25 Jan 2009

NICK MATTHEWS on a co-operative keeping Palestinian farming alive.

Will be looking at the industrial action along with Tony Juniper's love of McDonalds in other posting...for the time being some good stuff from the Star! Are we going to have Greenpeace embracing nukes and the Convention of the Left backing capital punishment this week...I hope not..but a strike ballot at Britain's daily socialist newspaper and the ex-Foe supremo backing fast food ecocide, I would not believe it.

The oil of life
(Sunday 25 January 2009)
NICK MATTHEWS

NICK MATTHEWS on a co-operative keeping Palestinian farming alive.

"THEY planted for us to eat - we will plant for them to eat."

This old Palestinian saying sums up the philosophy of Al Zaytouna, the Palestinian Olive Tree Association founded in 2004 as a non-profit association working in all the Palestine agricultural areas that produce olives.

The olive branch, traditionally a symbol of peace, has now become a symbol of the Palestinians' struggle for survival.

Palestine is often said to be the home of the olive tree. It has some of the oldest olive groves in the world, dating back 2,000 years.

More than 12 million olive trees covering nearly 200,000 acres produce fruit that supports over half the population. The trees dominate the agricultural landscape.

But the process of growing and selling the produce is an incredibly difficult challenge. The last five years have seen the industry decimated. Huge swathes of olives groves have been razed by Israeli bulldozers or burned to the ground by Israeli settlers.

Large amounts of oil now go to waste because it is too dangerous for farmers to harvest the crops or because of movement restrictions. Over half of the oil produced is literally poured down the drain as it cannot reach international markets. Over the last four years, the Israeli occupying forces have uprooted almost 400,000 olive trees with a value of over £43 million.

All this makes the hard lives of the Palestinians that much harder.

In response, the Palestinian Farmers Union and a group of olive oil producers came together to form Al Zaytouna. As an umbrella organisation, Al Zaytouna helps to organise farmers and focus their efforts in defence of their interests.

The olive growers and olive pressers are organised into co-operatives. Al Zaytouna represents 14 encompassing 1,700 individual olive oil producers.

Al Zaytouna is managed by an elected board of directors and run by a professional management team supported by specialised volunteer staff including several from overseas.

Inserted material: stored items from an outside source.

lemma lex_idx_Cons:
  "length xs = length ns \<Longrightarrow> lex_idx (n#ns) (x#xs) = x * prod_list ns + lex_idx ns xs"
  unfolding lex_idx_def using foldl_lex_idx_acc[of xs ns x] by simp

lemma Zcarrier_Nil: "Zcarrier [] = {[]}"
  by (auto simp: Zcarrier_def)

lemma Zcarrier_Cons: "Zcarrier (n#ns) = {x#xs | x xs. x < n \<and> xs \<in> Zcarrier ns}"
proof (intro equalityI subsetI)
  fix ys assume "ys \<in> Zcarrier (n#ns)"
  then show "ys \<in> {x#xs | x xs. x < n \<and> xs \<in> Zcarrier ns}"
    by (cases ys) (auto simp: Zcarrier_def)
qed (auto simp: Zcarrier_def nth_Cons split: nat.splits)

lemma length_Zcarrier: "xs \<in> Zcarrier ns \<Longrightarrow> length xs = length ns"
  by (simp add: Zcarrier_def)

lemma lex_idx_less: "xs \<in> Zcarrier ns \<Longrightarrow> lex_idx ns xs < prod_list ns"
proof (induction ns arbitrary: xs)
  case Nil then show ?case by (simp add: Zcarrier_Nil lex_idx_def)
next
  case (Cons n ns)
  then obtain y ys where xs: "xs = y # ys" "y < n" "ys \<in> Zcarrier ns" by (auto simp: Zcarrier_Cons)
  then have "lex_idx (n#ns) xs < (y + 1) * prod_list ns"
    using Cons.IH by (simp add: lex_idx_Cons length_Zcarrier)
  also have "\<dots> \<le> n * prod_list ns" using xs(2) by (intro mult_right_mono) auto
  finally show ?case by simp
qed

lemma inj_on_lex_idx: "inj_on (lex_idx ns) (Zcarrier ns)"
proof (induction ns)
  case Nil then show ?case by (simp add: Zcarrier_Nil)
next
  case (Cons n ns)
  let ?P = "prod_list ns"
  show ?case
  proof (rule inj_onI)
    fix a b assume "a \<in> Zcarrier (n#ns)" "b \<in> Zcarrier (n#ns)"
      and eq: "lex_idx (n # ns) a = lex_idx (n # ns) b"
    then obtain x xs y ys where a: "a = x#xs" "xs \<in> Zcarrier ns"
      and b: "b = y#ys" "ys \<in> Zcarrier ns" by (auto simp: Zcarrier_Cons)
    have e: "x * ?P + lex_idx ns xs = y * ?P + lex_idx ns ys"
      using eq a b by (simp add: lex_idx_Cons length_Zcarrier)
    have "(x * ?P + lex_idx ns xs) div ?P = x" "(y * ?P + lex_idx ns ys) div ?P = y"
      using lex_idx_less[OF a(2)] lex_idx_less[OF b(2)] by auto
    then have "x = y" using e by metis
    moreover have "xs = ys" using e \<open>x = y\<close> Cons.IH a b by (auto simp: inj_on_def)
    ultimately show "a = b" using a b by simp
  qed
qed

Just to show that the US is not a monolithic bloc of evil-doers, another partner is ACDI/VOCA. The Washington-based NGO dates back to the 1997 merger of Agricultural Co-operative Development International and Volunteers in Overseas Co-operative Assistance, two US non-profit development organisations working largely in agriculture.

The iniative has been remarkably successful. Al Zaytouna-supported co-operatives have eradicated the olive fly, a major threat to production, increased oil production some 40 per cent between 2005 and 2008, created local committees that train farmers in harvest, storage and production techniques and provided improved storage equipment such as stainless steel tanks to maintain the oil's quality.

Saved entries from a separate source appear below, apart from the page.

definition omega :: "'a measure \<Rightarrow> ('a \<Rightarrow> real) \<Rightarrow> real \<Rightarrow> real" where
  "omega M X x = covariance M (\<lambda>w. indicator {x..} (X w)) X / var M X"

end

theory Submission
  imports Defs "HOL-Real_Asymp.Real_Asymp"
begin

text \<open>
  For a density \<open>f\<close> of \<open>X\<close> with mean \<open>m\<close>, the covariance \<open>Cov[1[X \<ge> x], X]\<close> is the tail
  integral \<open>G x = \<integral>\<^sub>x\<^sup>\<infinity> f t (t - m) dt\<close>, so \<open>G' x = - (x - m) f x\<close>.
  If \<open>\<omega>\<^sub>X = f\<close>, then \<open>f = G / Var X\<close> solves \<open>f' x = - (x - m) f x / Var X\<close>, so \<open>f\<close> is a multiple
  of the normal density with mean \<open>m\<close> and variance \<open>Var X\<close>, and the multiple is \<open>1\<close>.
  Conversely, for the normal density \<open>\<phi>\<close> Stein's identity \<open>\<integral>\<^sub>x\<^sup>\<infinity> \<phi> t (t - \<mu>) dt = \<sigma>\<^sup>2 \<phi> x\<close>
  gives \<open>\<omega>\<^sub>X = \<phi>\<close>, and \<open>\<phi> = f\<close> because continuous densities of the same distribution coincide.
\<close>

lemma set_integrable_lborel_of_integrable:
  fixes g :: "real \<Rightarrow> real"
  assumes "integrable lborel g" and "S \<in> sets borel"
  shows "set_integrable lborel S g"
  using assms unfolding set_integrable_def by (intro integrable_mult_indicator) auto

lemma set_integral_atLeast_split:
  fixes g :: "real \<Rightarrow> real"
  assumes "integrable lborel g" and "a \<le> b"
  shows "(LINT t:{a..}|lborel. g t) = (LINT t:{a..b}|lborel. g t) + (LINT t:{b..}|lborel. g t)"
proof -
  have "(LINT t:{a..b} \<union> {b..}|lborel. g t) = (LINT t:{a..b}|lborel. g t) + (LINT t:{b..}|lborel. g t)"
  proof (rule set_integral_Un_AE)
    show "AE t in lborel. \<not> (t \<in> {a..b} \<and> t \<in> {b..})"
      using AE_lborel_singleton[of b] by eventually_elim auto
  qed (use assms(1) in \<open>auto intro: set_integrable_lborel_of_integrable\<close>)
  moreover have "{a..b} \<union> {b..} = {a..}" using assms(2) by auto
  ultimately show ?thesis by simp
qed

lemma has_real_derivative_tail_integral:
  fixes g :: "real \<Rightarrow> real"
  assumes "continuous_on UNIV g" and "integrable lborel g"
  shows "((\<lambda>y. LINT t:{y..}|lborel. g t) has_real_derivative - g x) (at x)"
proof -
  define b where "b = x + 1"
  have "((\<lambda>y. integral {y..b} g) has_real_derivative - g x) (at x within {x - 1..b})"
    by (rule integral_has_real_derivative')
       (auto intro: continuous_on_subset[OF assms(1)] simp: b_def)
  moreover have "at x within {x - 1..b} = at x"
    by (rule at_within_interior) (auto simp: b_def)
  ultimately have "((\<lambda>y. integral {y..b} g + (LINT t:{b..}|lborel. g t)) has_real_derivative - g x + 0) (at x)"
    by (intro DERIV_add DERIV_const) simp
  then have "((\<lambda>y. integral {y..b} g + (LINT t:{b..}|lborel. g t)) has_real_derivative - g x) (at x)"
    by simp
  then show ?thesis
  proof (rule has_field_derivative_transform_within_open[where S = "{..<b}"], simp_all)
    fix y :: real assume "y < b"
    then show "integral {y..b} g + (LINT t:{b..}|lborel. g t) = (LINT t:{y..}|lborel. g t)"
      using set_integral_atLeast_split[OF assms(2), of y b]
        set_borel_integral_eq_integral(2)[OF set_integrable_lborel_of_integrable[OF assms(2), of "{y..b}"]]
      by simp
  qed (simp add: b_def)
qed

lemma tendsto_tail_integral_at_top:
  fixes g :: "real \<Rightarrow> real"
  assumes "integrable lborel g"
  shows "((\<lambda>y. LINT t:{y..}|lborel. g t) \<longlongrightarrow> 0) at_top"
proof -
  let ?I = "LINT t:{0..}|lborel. g t"
  have "((\<lambda>y. LINT t:{0..y}|lborel. g t) \<longlongrightarrow> ?I) at_top"
    using assms by (intro tendsto_set_lebesgue_integral_at_top set_integrable_lborel_of_integrable) auto
  then have "((\<lambda>y. ?I - (LINT t:{0..y}|lborel. g t)) \<longlongrightarrow> ?I - ?I) at_top"
    by (intro tendsto_diff tendsto_const)
  then have "((\<lambda>y. ?I - (LINT t:{0..y}|lborel. g t)) \<longlongrightarrow> 0) at_top"
    by simp
  moreover have "\<forall>\<^sub>F y in at_top. ?I - (LINT t:{0..y}|lborel. g t) = (LINT t:{y..}|lborel. g t)"
    using eventually_ge_at_top[of 0]
    by eventually_elim (simp add: set_integral_atLeast_split[OF assms])
  ultimately show ?thesis
    by (rule Lim_transform_eventually)
qed

lemma tail_integral_eq_of_has_real_derivative:
  fixes g F :: "real \<Rightarrow> real"
  assumes "continuous_on UNIV g" and "integrable lborel g"
    and F': "\<And>y. (F has_real_derivative - g y) (at y)" and F_lim: "(F \<longlongrightarrow> 0) at_top"
  shows "(LINT t:{x..}|lborel. g t) = F x"
proof -
  define H where "H y = (LINT t:{y..}|lborel. g t) - F y" for y
  have "(H has_real_derivative - g y - - g y) (at y)" for y
    unfolding H_def by (intro DERIV_diff has_real_derivative_tail_integral assms(1,2) F')
  then have "(H has_real_derivative 0) (at y)" for y
    by simp
  then have H_const: "H y = H x" for y
    using DERIV_isconst_all by blast
  have "(H \<longlongrightarrow> 0 - 0) at_top"
    unfolding H_def by (intro tendsto_diff tendsto_tail_integral_at_top assms(2) F_lim)
  then have "(H \<longlongrightarrow> 0) at_top"
    by simp
  then have "((\<lambda>_ :: real. H x) \<longlongrightarrow> 0) at_top"
    by (rule Lim_transform_eventually) (intro always_eventually allI H_const)
  then show ?thesis
    by (simp add: H_def tendsto_const_iff)
qed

Six of the co-ops are officially organic, although pretty much all Palestinian olive oil is organic because of the use of traditional farming methods.

Even with improved products, the growers need access to customers. This is where Zaytoun comes in. Zaytoun, a member of Co-operatives UK, is a co-operative community interest company.

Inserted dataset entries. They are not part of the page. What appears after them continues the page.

lemma geq_relator: "geq relator []"
  unfolding geq_eq_equivclp using elem_step.rel[of "[]" "[]"] by auto

lemma geq_inv_relator: "geq (inv_word relator) []"
proof -
  have "geq (inv_word relator) (inv_word relator @ relator)"
    using geq_append_context[OF geq_sym[OF geq_relator], of "inv_word relator" "[]"] by simp
  also have "geq \<dots> []" by (rule geq_inv_word_append)
  finally show ?thesis .
qed

section \<open>A complete rewriting system for \<open>\<Gamma>\<^sub>2\<close>\<close>

abbreviation "la \<equiv> (Ga, True)"  abbreviation "lA \<equiv> (Ga, False)"
abbreviation "lb \<equiv> (Gb, True)"  abbreviation "lB \<equiv> (Gb, False)"
abbreviation "lc \<equiv> (Gc, True)"  abbreviation "lC \<equiv> (Gc, False)"
abbreviation "ld \<equiv> (Gd, True)"  abbreviation "lD \<equiv> (Gd, False)"

definition letters :: "letter list" where
  "letters = [la, lA, lb, lB, lc, lC, ld, lD]"

definition cancellation_rules :: "(word \<times> word) list" where
  "cancellation_rules = map (\<lambda>x. ([x, inv_letter x], [])) letters"

text \<open>Each rule \<open>l \<rightarrow> r\<close> splits a cyclic conjugate of the relator or of its inverse as \<open>l r\<inverse>\<close>.\<close>

definition relator_rules :: "(word \<times> word) list" where
  "relator_rules =
    [([lb,la,lB,lA],[lc,ld,lC,lD]), ([lb,lA,lB,lc],[lA,ld,lc,lD]), ([lB,lA,ld,lc],[lA,lB,lc,ld]),
     ([lB,lc,ld,lC],[la,lB,lA,ld]), ([ld,lc,lD,lC],[la,lb,lA,lB]), ([ld,lC,lD,la],[lC,lb,la,lB]),
     ([lD,la,lb,lA],[lc,lD,lC,lb]), ([lD,lC,lb,la],[lC,lD,la,lb])]"

definition gamma2_rules :: "(word \<times> word) list" where
  "gamma2_rules = cancellation_rules @ relator_rules"

abbreviation gamma2_step :: "word \<Rightarrow> word \<Rightarrow> bool" where
  "gamma2_step \<equiv> srs_step (set gamma2_rules)"

definition gamma2_reduced :: "word \<Rightarrow> bool" where
  "gamma2_reduced w \<longleftrightarrow> (\<nexists>v. gamma2_step w v)"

The British government designated community interest companies as a new type of company designed for social enterprises that wish to use their profits and assets for the benefit of the community. The first CICs were registered at Companies House in 2005.

Since 2004, Zaytoun has imported more than 150 tons of olive oil to Britain, as well as Nablusi olive oil soap, za'atar (thyme-based herb mix), dates, couscous and almonds.

Heather Masoud of Zaytoun says that trade is difficult in the current political climate but is the best way to make a difference.

"The Palestinian people have long been associated with terrorism or victimhood in the popular media and their rich culture and society has often been overshadowed by this emphasis on violence or extreme poverty.

"Aid donations, while necessary, rarely foster foundations for long-term prosperity and social revitalisation. Our trade with the Palestinian people has brought in excess of £1 million to their economy and support for rural society."

The current situation is indeed grave but Masoud says that the "assault in Gaza largely does not affect Zaytoun's supply chains. In the main, the Palestinian producers we work with are in the West Bank."

However, she adds, "the West Bank supply chain is also a vulnerable one - the Palestinians do not have any control of their sea or land borders or their air space. Relying on the occupying force to allow trade is a weak position and, as we saw in Gaza, the economy will be destroyed if Israel also decides to deny passage of goods there."

In fact, Zaytoun did once source couscous from a women's co-op in Gaza, but the business became unviable - Israel has not allowed any of its products to cross the border for the last three years.

We have all been shocked by recent events in Gaza, but buying Zaytoun olive oil and its other products is one way to give practical help. It is time, I think, that we mounted a campaign to get its oil into our major supermarkets.